Record store keeps warm with holiday tunes

By Jack Rechsteiner, managing editor.

More than a handful of people gathered together in the warmth of Bay City record store, Electric Kitsch, on a frigid December night to share the pleasures of company and music.

“We thought it’d be fun to have an end of the year holiday extravaganza, so we put this shindig together,” says Electric Kitsch owner Jordan Pries.

On Friday, Dec. 22, Electric Kitsch kept their doors open late and dimmed the lights for their Holiday Music Party, which featured performances from singer-songwriter Ben Childs, avant-garde jazz from Donovan Boxey and Dominic Bierenga and mod-psych rock from Henry Walters.

“All the artists asked to play a show around the same time, and it just so happened to fall together perfectly. None of the artists had met each other before the show was put together, so we got a nice, diverse lineup,” says Pries.

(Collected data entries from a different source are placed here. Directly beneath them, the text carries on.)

(* Let $\tilde S\subseteq\mathfrak P$. Suppose $\tilde O\subseteq\mathcal C_{\mathfrak P}(\tilde S)$ is an unimprovable set with respect to $\tilde S$ that extends to $\tilde X:=\{o\}\cup\tilde X'\subseteq\mathcal C_{\mathfrak P}(\tilde S)$, and suppose there exists $h\in\mathcal C_{\mathfrak P}(\tilde S)$ of weight $\omega_{\tilde S}(o)$ that anticommutes with $o$ but commutes with every operator in $\tilde X'$. Then $\tilde O\cup\{o\}$ is an unimprovable set with respect to $\tilde S$ that extends to $\tilde X'$.
   Context: $\mathfrak P$ is the group of $N$-qubit Pauli operators modulo phases; $\mathcal C_{\mathfrak P}(\tilde S)$ is the centralizer of $\tilde S$; $\Pi(T)$ is the product of the elements of a finite set $T$. The weight of a Pauli operator is its number of non-identity tensor factors. For $l\in\mathcal C_{\mathfrak P}(\tilde S)$, $\omega_{\tilde S}(l)$ is the minimum weight of an $e\in\mathcal C_{\mathfrak P}(\tilde S)$ anticommuting with $l$ ($+\infty$ if none). A set $\tilde O\subseteq\mathcal C_{\mathfrak P}(\tilde S)$ is unimprovable with respect to $\tilde S$ if $\omega_{\tilde S}(\Pi(\tilde Y))=\min_{y\in\tilde Y}\omega_{\tilde S}(y)$ for every $\tilde Y\subseteq\tilde O$; it extends to a set $\tilde Q$ if for every $\tilde Y\subseteq\tilde O\cup\tilde Q$ with $\tilde Y\cap\tilde O\neq\emptyset$, $\omega_{\tilde S}(\Pi(\tilde Y))\le\min_{y\in\tilde Y\cap\tilde O}\omega_{\tilde S}(y)$. *)

theory Defs
  imports Main "HOL-Library.Extended_Nat"
begin

text \<open>N-qubit Pauli operators modulo phases, in the binary symplectic representation:
  a Pauli operator is a pair (x, z) of bit vectors indexed by qubits; qubit i carries
  I, X, Z, Y according to (x i, z i) = (F,F), (T,F), (F,T), (T,T).\<close>

type_synonym pauli = "(nat \<Rightarrow> bool) \<times> (nat \<Rightarrow> bool)"

definition paulis :: "nat \<Rightarrow> pauli set" where
  "paulis N = {p. \<forall>i\<ge>N. \<not> fst p i \<and> \<not> snd p i}"

definition pmult :: "pauli \<Rightarrow> pauli \<Rightarrow> pauli" where
  "pmult p q = ((\<lambda>i. fst p i \<noteq> fst q i), (\<lambda>i. snd p i \<noteq> snd q i))"

definition pid :: pauli where
  "pid = ((\<lambda>_. False), (\<lambda>_. False))"

text \<open>Product of the elements of a finite set (the group mod phases is abelian).\<close>
definition prodP :: "pauli set \<Rightarrow> pauli" where
  "prodP T = Finite_Set.fold pmult pid T"

text \<open>Two Paulis anticommute iff they differ non-trivially on an odd number of qubits
  (odd symplectic product).\<close>
definition anticommutes :: "nat \<Rightarrow> pauli \<Rightarrow> pauli \<Rightarrow> bool" where
  "anticommutes N p q \<longleftrightarrow>
     odd (card {i. i < N \<and> ((fst p i \<and> snd q i) \<noteq> (snd p i \<and> fst q i))})"

definition weight :: "nat \<Rightarrow> pauli \<Rightarrow> nat" where
  "weight N p = card {i. i < N \<and> (fst p i \<or> snd p i)}"

definition centralizer :: "nat \<Rightarrow> pauli set \<Rightarrow> pauli set" where
  "centralizer N S = {p \<in> paulis N. \<forall>s\<in>S. \<not> anticommutes N p s}"

text \<open>\<omega>_S(l): minimum weight of an element of the centralizer anticommuting with l;
  infinity if there is none (Inf of the empty set of enat is \<infinity>).\<close>
definition omega :: "nat \<Rightarrow> pauli set \<Rightarrow> pauli \<Rightarrow> enat" where
  "omega N S l = (INF e \<in> {e \<in> centralizer N S. anticommutes N e l}. enat (weight N e))"

definition unimprovable :: "nat \<Rightarrow> pauli set \<Rightarrow> pauli set \<Rightarrow> bool" where
  "unimprovable N S Ob \<longleftrightarrow> Ob \<subseteq> centralizer N S \<and>
     (\<forall>Y. Y \<subseteq> Ob \<longrightarrow> omega N S (prodP Y) = (INF y \<in> Y. omega N S y))"

definition extends_to :: "nat \<Rightarrow> pauli set \<Rightarrow> pauli set \<Rightarrow> pauli set \<Rightarrow> bool" where
  "extends_to N S Ob Q \<longleftrightarrow>
     (\<forall>Y. Y \<subseteq> Ob \<union> Q \<longrightarrow> Y \<inter> Ob \<noteq> {} \<longrightarrow> omega N S (prodP Y) \<le> (INF y \<in> Y \<inter> Ob. omega N S y))"

end

theory Submission
  imports Defs
begin

text \<open>Paulis modulo phases form an elementary abelian 2-group, and anticommuting with a
  fixed operator is a homomorphism to \<open>(bool, \<noteq>)\<close>. Hence \<open>\<omega>\<close> is an ultrametric:
  \<open>\<omega>(a b) \<ge> min (\<omega> a) (\<omega> b)\<close>, with equality when \<open>\<omega> a \<noteq> \<omega> b\<close>.
  Adjoining \<open>o\<close> to \<open>O\<close> keeps it unimprovable: for \<open>Y = {o} \<union> Y\<^sub>0\<close> the ultrametric
  inequality gives the lower bound, and when \<open>\<omega> o \<ge> \<omega>(\<Pi> Y\<^sub>0)\<close> the extension property
  gives the matching upper bound. For the extension to \<open>X'\<close>, write
  \<open>Y = {o} \<union> A \<union> B\<close> with \<open>A \<subseteq> O\<close>, \<open>B \<subseteq> X'\<close>; the bound \<open>\<omega>(\<Pi> Y) \<le> \<omega> o\<close> follows
  since either \<open>h\<close> anticommutes with \<open>\<Pi> Y\<close>, or, commuting with \<open>B\<close> and not with \<open>o\<close>,
  it anticommutes with \<open>\<Pi> A\<close>, whence \<open>\<omega>(\<Pi> Y) \<le> \<omega>(\<Pi> A) \<le> weight h = \<omega> o\<close>.\<close>

lemma pmult_comm: "pmult p q = pmult q p"
  unfolding pmult_def by auto

lemma pmult_pid [simp]: "pmult p pid = p"
  unfolding pmult_def pid_def by (cases p) auto

lemma pmult_cancel_right [simp]: "pmult (pmult p q) q = p"
  unfolding pmult_def by (cases p) auto

interpretation pmult: comp_fun_commute pmult
  by unfold_locales (auto simp: pmult_def fun_eq_iff)

lemma prodP_empty [simp]: "prodP {} = pid"
  unfolding prodP_def by simp

lemma prodP_insert: "finite A \<Longrightarrow> x \<notin> A \<Longrightarrow> prodP (insert x A) = pmult x (prodP A)"
  unfolding prodP_def by (simp add: pmult.fold_insert)

lemma prodP_Un_disjoint:
  "finite A \<Longrightarrow> finite B \<Longrightarrow> A \<inter> B = {} \<Longrightarrow> prodP (A \<union> B) = pmult (prodP A) (prodP B)"
proof (induction A rule: finite_induct)
  case empty
  then show ?case by (simp add: pmult_comm[of pid])
next
  case (insert x F)
  then show ?case by (simp add: prodP_insert pmult_def fun_eq_iff) blast
qed

lemma prodP_split: "finite Y \<Longrightarrow> prodP Y = pmult (prodP (Y \<inter> C)) (prodP (Y - C))"
  using prodP_Un_disjoint[of "Y \<inter> C" "Y - C"] by (simp add: Int_Diff_Un) blast

lemma finite_paulis: "finite (paulis N)"
proof -
  let ?F = "(\<lambda>A i. i \<in> A) ` Pow {..<N}"
  have "{f :: nat \<Rightarrow> bool. \<forall>i\<ge>N. \<not> f i} \<subseteq> ?F"
  proof
    fix f :: "nat \<Rightarrow> bool"
    assume "f \<in> {f. \<forall>i\<ge>N. \<not> f i}"
    then have "{i. f i} \<in> Pow {..<N}" "f = (\<lambda>i. i \<in> {i. f i})"
      using not_less by auto
    then show "f \<in> ?F" by blast
  qed
  then have "paulis N \<subseteq> ?F \<times> ?F"
    unfolding paulis_def by auto
  then show ?thesis by (rule finite_subset) auto
qed

lemma finite_centralizer: "finite (centralizer N S)"
  by (rule finite_subset[OF _ finite_paulis]) (auto simp: centralizer_def)

lemma finite_subset_centralizer: "A \<subseteq> centralizer N S \<Longrightarrow> finite A"
  by (rule finite_subset[OF _ finite_centralizer])

lemma odd_card_neq_iff:
  "odd (card {i. i < (N::nat) \<and> P i \<noteq> Q i})
     \<longleftrightarrow> odd (card {i. i < N \<and> P i}) \<noteq> odd (card {i. i < N \<and> Q i})"
proof (induction N)
  case 0
  then show ?case by simp
next
  case (Suc N)
  have "\<And>R. {i. i < Suc N \<and> R i} = (if R N then insert N {i. i < N \<and> R i} else {i. i < N \<and> R i})"
    using less_Suc_eq by auto
  with Suc show ?case by simp
qed

lemma anticommutes_pmult:
  "anticommutes N e (pmult p q) \<longleftrightarrow> anticommutes N e p \<noteq> anticommutes N e q"
proof -
  have "{i. i < N \<and> ((fst e i \<and> snd (pmult p q) i) \<noteq> (snd e i \<and> fst (pmult p q) i))}
      = {i. i < N \<and> ((fst e i \<and> snd p i) \<noteq> (snd e i \<and> fst p i))
                   \<noteq> ((fst e i \<and> snd q i) \<noteq> (snd e i \<and> fst q i))}"
    unfolding pmult_def by auto
  then show ?thesis
    unfolding anticommutes_def by (simp only: odd_card_neq_iff)
qed

lemma not_anticommutes_pid [simp]: "\<not> anticommutes N e pid"
  unfolding anticommutes_def pid_def by simp

lemma not_anticommutes_prodP:
  "finite B \<Longrightarrow> \<forall>b\<in>B. \<not> anticommutes N e b \<Longrightarrow> \<not> anticommutes N e (prodP B)"
  by (induction B rule: finite_induct) (auto simp: prodP_insert anticommutes_pmult)

lemma omega_le_weight:
  "e \<in> centralizer N S \<Longrightarrow> anticommutes N e l \<Longrightarrow> omega N S l \<le> enat (weight N e)"
  unfolding omega_def by (rule INF_lower) auto

lemma omega_pid [simp]: "omega N S pid = \<infinity>"
  unfolding omega_def by (simp add: top_enat_def)

lemma min_omega_le_omega_pmult: "min (omega N S p) (omega N S q) \<le> omega N S (pmult p q)"
  unfolding omega_def
proof (rule INF_greatest)
  fix e
  assume "e \<in> {e \<in> centralizer N S. anticommutes N e (pmult p q)}"
  then have "e \<in> centralizer N S" "anticommutes N e p \<or> anticommutes N e q"
    by (auto simp: anticommutes_pmult)
  then show "min (INF e\<in>{e \<in> centralizer N S. anticommutes N e p}. enat (weight N e))
                 (INF e\<in>{e \<in> centralizer N S. anticommutes N e q}. enat (weight N e))
             \<le> enat (weight N e)"
    by (metis (mono_tags, lifting) INF_lower mem_Collect_eq min.coboundedI1 min.coboundedI2)
qed

lemma omega_pmult_eq_min:
  assumes "omega N S p \<noteq> omega N S q"
  shows "omega N S (pmult p q) = min (omega N S p) (omega N S q)"
proof -
  have "min (omega N S (pmult p q)) (omega N S q) \<le> omega N S p"
    using min_omega_le_omega_pmult[of N S "pmult p q" q] by simp
  moreover have "min (omega N S (pmult p q)) (omega N S p) \<le> omega N S q"
    using min_omega_le_omega_pmult[of N S "pmult p q" p] by (simp add: pmult_comm[of p])
  ultimately show ?thesis
    using assms min_omega_le_omega_pmult[of N S p q] by (auto simp: min_def split: if_splits)
qed

lemma unimprovable_insert:
  assumes unimp: "unimprovable N S Ob"
    and ext: "extends_to N S Ob Q"
    and "o1 \<in> Q" and "o1 \<in> centralizer N S"
  shows "unimprovable N S (insert o1 Ob)"
  unfolding unimprovable_def
proof (intro conjI allI impI)
  show "insert o1 Ob \<subseteq> centralizer N S"
    using assms unfolding unimprovable_def by auto
next
  fix Y
  assume Y: "Y \<subseteq> insert o1 Ob"
  have unimpOb: "\<And>Y. Y \<subseteq> Ob \<Longrightarrow> omega N S (prodP Y) = (INF y\<in>Y. omega N S y)"
    using unimp unfolding unimprovable_def by auto
  show "omega N S (prodP Y) = (INF y\<in>Y. omega N S y)"
  proof (cases "o1 \<in> Y - Ob")
    case False
    with Y have "Y \<subseteq> Ob" by auto
    then show ?thesis by (rule unimpOb)
  next
    case True
    define Y0 where "Y0 = Y - {o1}"
    have "Y0 \<subseteq> Ob" using Y unfolding Y0_def by auto
    then have finY0: "finite Y0" and wY0: "omega N S (prodP Y0) = (INF y\<in>Y0. omega N S y)"
      using unimp unimpOb unfolding unimprovable_def by (auto intro: finite_subset_centralizer)
    have Y_eq: "Y = insert o1 Y0" using True unfolding Y0_def by auto
    have pY: "prodP Y = pmult o1 (prodP Y0)"
      unfolding Y_eq by (rule prodP_insert[OF finY0]) (simp add: Y0_def)
    have infY: "(INF y\<in>Y. omega N S y) = min (omega N S o1) (omega N S (prodP Y0))"
      using Y_eq wY0 by (simp add: inf_min)
    show ?thesis
    proof (cases "Y0 = {} \<or> omega N S o1 \<noteq> omega N S (prodP Y0)")
      case True
      then show ?thesis using pY infY omega_pmult_eq_min[of N S o1 "prodP Y0"] by auto
    next
      case False
      then have "Y \<inter> Ob = Y0" and "Y \<subseteq> Ob \<union> Q"
        using True Y \<open>o1 \<in> Q\<close> unfolding Y0_def by auto
      with ext False have "omega N S (prodP Y) \<le> (INF y\<in>Y0. omega N S y)"
        unfolding extends_to_def by auto
      moreover have "min (omega N S o1) (omega N S (prodP Y0)) \<le> omega N S (prodP Y)"
        using pY min_omega_le_omega_pmult by simp
      ultimately show ?thesis using infY wY0 False by auto
    qed
  qed
qed

lemma extends_to_insert:
  assumes unimp: "unimprovable N S Ob"
    and ext: "extends_to N S Ob (insert o1 X')"
    and X'_central: "X' \<subseteq> centralizer N S"
    and h: "h \<in> centralizer N S" "enat (weight N h) \<le> omega N S o1"
    and anti_h: "anticommutes N h o1" "\<forall>x\<in>X'. \<not> anticommutes N h x"
  shows "extends_to N S (insert o1 Ob) X'"
  unfolding extends_to_def
proof (intro allI impI)
  fix Y
  assume Y: "Y \<subseteq> insert o1 Ob \<union> X'" and meets: "Y \<inter> insert o1 Ob \<noteq> {}"
  have extOb: "omega N S (prodP Y) \<le> (INF y\<in>Y \<inter> Ob. omega N S y)"
    if "Y \<inter> Ob \<noteq> {}"
    using ext Y that unfolding extends_to_def by auto
  show "omega N S (prodP Y) \<le> (INF y\<in>Y \<inter> insert o1 Ob. omega N S y)"
  proof (cases "o1 \<in> Y - Ob")
    case False
    then have "Y \<inter> insert o1 Ob = Y \<inter> Ob" by auto
    with meets extOb show ?thesis by auto
  next
    case True
    define A where "A = Y \<inter> Ob"
    have "Ob \<union> X' \<subseteq> centralizer N S"
      using X'_central unimp unfolding unimprovable_def by auto
    then have finY: "finite Y"
      using Y by (metis finite_insert finite_subset finite_subset_centralizer Un_insert_left)
    have Y_meet: "Y \<inter> insert o1 Ob = insert o1 A" and "o1 \<notin> A"
      using True unfolding A_def by auto
    have le_A: "omega N S (prodP Y) \<le> (INF y\<in>A. omega N S y)"
      using extOb unfolding A_def by (cases "Y \<inter> Ob = {}") auto
    have "\<not> anticommutes N h (prodP (Y - insert o1 Ob))"
      using finY Y anti_h(2) by (intro not_anticommutes_prodP) auto
    then have "anticommutes N h (prodP Y) \<or> anticommutes N h (prodP A)"
      using prodP_split[OF finY, of "insert o1 Ob"] Y_meet \<open>o1 \<notin> A\<close> finY anti_h(1)
      unfolding A_def by (simp add: prodP_insert anticommutes_pmult)
    then have "omega N S (prodP Y) \<le> omega N S o1"
    proof
      assume "anticommutes N h (prodP Y)"
      then show ?thesis using omega_le_weight[OF h(1)] h(2) by (metis order_trans)
    next
      assume "anticommutes N h (prodP A)"
      then have "omega N S (prodP A) \<le> omega N S o1"
        using omega_le_weight[OF h(1)] h(2) by (metis order_trans)
      moreover have "omega N S (prodP A) = (INF y\<in>A. omega N S y)"
        using unimp unfolding unimprovable_def A_def by auto
      ultimately show ?thesis using le_A by auto
    qed
    with le_A show ?thesis using Y_meet by (simp add: inf_min)
  qed
qed

theorem lemma8:
  fixes N :: nat and S Ob X' :: "pauli set" and o1 h :: pauli
  assumes "S \<subseteq> paulis N"
    and "Ob \<subseteq> centralizer N S"
    and "unimprovable N S Ob"
    and "insert o1 X' \<subseteq> centralizer N S"
    and "extends_to N S Ob (insert o1 X')"
    and "h \<in> centralizer N S"
    and "enat (weight N h) = omega N S o1"
    and "anticommutes N h o1"
    and "\<forall>x\<in>X'. \<not> anticommutes N h x"
  shows "unimprovable N S (Ob \<union> {o1}) \<and> extends_to N S (Ob \<union> {o1}) X'"
proof -
  have "unimprovable N S (insert o1 Ob)"
    using assms(3-5) by (intro unimprovable_insert) auto
  moreover have "extends_to N S (insert o1 Ob) X'"
    using assms(3-9) by (intro extends_to_insert) auto
  ultimately show ?thesis by simp
qed

end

After driving from Caro for the show, Childs starts the event with songs about love, rain and galaxies that serve to help audience members forget the ice and snow outside. The indie-folk songs by Childs have a summertime feel to them that adds to the coziness of the store.

“This show sounded like a cool thing to go to because there aren’t a ton of experimental jazz musicians that play in Bay City. I was surprised by how much I liked all the music tonight,” says show attendee Matt Grimmer.

Following after Childs, Boxey and Bierenga performed a set of eclectic free jazz pieces played on a wide range of brass instruments and percussion. One song featured a kazoo, a slide whistle, a tambourine and a finale of dual saxophones. The jazz duo were playing Electric Kitsch as part of their tour through Michigan to promote their new album “As Iron Sharpens Iron.”

Closing out the night was Bay City local Henry Walters. Walters took the stage with guitar, amp and plenty of pedals and finished the night with swirling psych rock songs. Throughout the entire night the songs were a mix of original compositions and holiday classics, which had the crowd either vigorously clapping their applause or joyfully singing along.